The converse of the above, if you’re the one that normally takes care of something, don’t be afraid to let go – just because it’s not done exactly how you’d do it doesn’t make it wrong. Freezer food is OK. Socks don’t need to match. Safe, warm, fed and loved is what matters. Letting your partner take responsibility means accepting how they do things, including their mistakes. There might be some hiccoughs, but letting them learn will let you forget about planning and get on with riding.

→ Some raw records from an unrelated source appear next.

lemma tree_hom_walk_rays:
  assumes dist: "distinct (vars t)" and x: "level t x = Suc L"
    and walk: "\<forall>i<L. (w i, w (Suc i)) \<in> E"
    and rays: "\<forall>i. (\<alpha> i, \<alpha> (Suc i)) \<in> E" "\<forall>i. (\<beta> i, \<beta> (Suc i)) \<in> E"
    and forks: "(w L, \<alpha> 0) \<in> E" "(w L, \<beta> 0) \<in> E"
  shows "tree_hom E t (\<lambda>y. if level t y \<le> L then w (level t y)
           else if (x, y) \<in> (tedges t)\<^sup>* then \<alpha> (level t y - Suc L) else \<beta> (level t y - Suc L))"
    (is "tree_hom E t ?f")
  unfolding tree_hom_def
proof clarify
  fix i j
  assume ij: "(i, j) \<in> tedges t"
  have lj: "level t j = Suc (level t i)" using tedges_level[OF dist ij] .
  consider "level t j \<le> L" | "level t j = Suc L" | "Suc L < level t j" by linarith
  then show "(?f i, ?f j) \<in> E"
  proof cases
    case 1
    then show ?thesis using walk lj by simp
  next
    case 2
    then show ?thesis using forks lj by simp
  next
    case 3
    have "(x, i) \<in> (tedges t)\<^sup>* \<longleftrightarrow> (x, j) \<in> (tedges t)\<^sup>*"
    proof
      show "(x, j) \<in> (tedges t)\<^sup>*" if "(x, i) \<in> (tedges t)\<^sup>*"
        using that ij by (rule rtrancl_into_rtrancl)
      show "(x, i) \<in> (tedges t)\<^sup>*" if xj: "(x, j) \<in> (tedges t)\<^sup>*"
      proof -
        have "x \<noteq> j" using 3 x by auto
        then obtain k where "(x, k) \<in> (tedges t)\<^sup>*" "(k, j) \<in> tedges t"
          using xj by (metis rtranclE)
        then show ?thesis using tedges_parent_unique[OF dist _ ij] by blast
      qed
    qed
    moreover have "level t j - Suc L = Suc (level t i - Suc L)" using 3 lj by simp
    ultimately show ?thesis using 3 lj rays by simp
  qed
qed

lemma nontrivial_scc_successor:
  assumes EV: "E \<subseteq> V \<times> V" and K: "nontrivial_scc V E K" and a: "a \<in> K"
  obtains z where "z \<in> K" and "(a, z) \<in> E"
proof -
  obtain c where c: "K = {u \<in> V. (c, u) \<in> E\<^sup>* \<and> (u, c) \<in> E\<^sup>*}"
    using K unfolding nontrivial_scc_def is_scc_def by blast
  show thesis
  proof (cases "K = {a}")
    case True
    then show thesis using K that unfolding nontrivial_scc_def by blast
  next
    case False
    then obtain b where b: "b \<in> K" "b \<noteq> a" using a by blast
    then have "(a, b) \<in> E\<^sup>+" using a c by (auto simp: rtrancl_eq_or_trancl intro: rtrancl_trans)
    then obtain z where z: "(a, z) \<in> E" "(z, b) \<in> E\<^sup>*" by (blast dest: tranclD)
    then have "z \<in> K" using EV a b c by (auto intro: rtrancl_trans rtrancl_into_rtrancl)
    then show thesis using that z by blast
  qed
qed

lemma nontrivial_scc_ray:
  assumes EV: "E \<subseteq> V \<times> V" and K: "nontrivial_scc V E K" and a: "a \<in> K"
  obtains \<alpha> where "\<alpha> 0 = a" and "\<forall>i. \<alpha> i \<in> K \<and> (\<alpha> i, \<alpha> (Suc i)) \<in> E"
proof -
  have "\<exists>\<alpha>. \<forall>i. (\<alpha> i \<in> K \<and> (i = 0 \<longrightarrow> \<alpha> i = a)) \<and> (\<alpha> i, \<alpha> (Suc i)) \<in> E"
    by (rule dependent_nat_choice) (use a nontrivial_scc_successor[OF EV K] in blast)+
  then show thesis using that by blast
qed

lemma scc_eqI:
  assumes "is_scc V E K" and "is_scc V E K'" and "a \<in> K" "a' \<in> K" "b \<in> K'" "b' \<in> K'"
    and "(a, b) \<in> E\<^sup>*" "(b', a') \<in> E\<^sup>*"
  shows "K = K'"
proof -
  obtain c c' where c: "K = {u \<in> V. (c, u) \<in> E\<^sup>* \<and> (u, c) \<in> E\<^sup>*}"
    and c': "K' = {u \<in> V. (c', u) \<in> E\<^sup>* \<and> (u, c') \<in> E\<^sup>*}"
    using assms(1,2) unfolding is_scc_def by blast
  have "(c, c') \<in> E\<^sup>*" "(c', c) \<in> E\<^sup>*" using assms c c' by (blast intro: rtrancl_trans)+
  then show ?thesis using c c' by (blast intro: rtrancl_trans)
qed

How do you decide what you do with your disposable income? Do you cover the bills and then whatever is left over is yours to spend? Does that leave a part time or non-earner with anything meaningful to spend on themselves? Is one able to buy a whole new model year bike that they want while the other is saving up for new grips? Try ensure you are both comfortable with how you divide any spare cash.
Not too many of us are commuting at the moment, or doing a school run, but eventually we’ll be resuming all that, along with after school clubs, weekend races, and all the usual diary appointments that keep us busy. Hopefully we can carry through some of our 2020 habits and stick with home working, or keep the bike lanes to school, or ride to work – and it’s a great time to look to restructure these logistical routines to build bikes into your life. If you live in a city with some new bike lanes, maybe you can combine the school run with bikes, and keep up that online grocery delivery. Or maybe you can juggle the days you need to go into the office to divide the school run between you. ‘Journey chaining’ – where a single trip out combines a number of different tasks and locations – is one of those things that women have been found to do more than men, and that often makes riding a bike a trickier prospect. We live in a time of great change – can you take advantage of that to make bikes fit more easily into your routines?
When I’ve talked to people about finding time to ride, the recurring theme among both parents seems to be ‘guilt’. You feel guilty about being away from your family and taking time to yourself – but why should you? Adults need time out, headspace to focus on doing just one thing, or headspace to not focus on anything at all. If both adults in the house are truly getting equitable amounts of time out to do that, then there should be no guilt about it – enjoy it and return recharged to your busy household.
We’ve made great strides towards women’s equality over the years, and checking our own habits can help cement that progress. This International Women’s Day, I invite you to look to yourselves and see how you can support each other to ride truly free from other commitments. Ask yourselves the questions above, address any issues you find, and I think you will find that equality benefits everyone.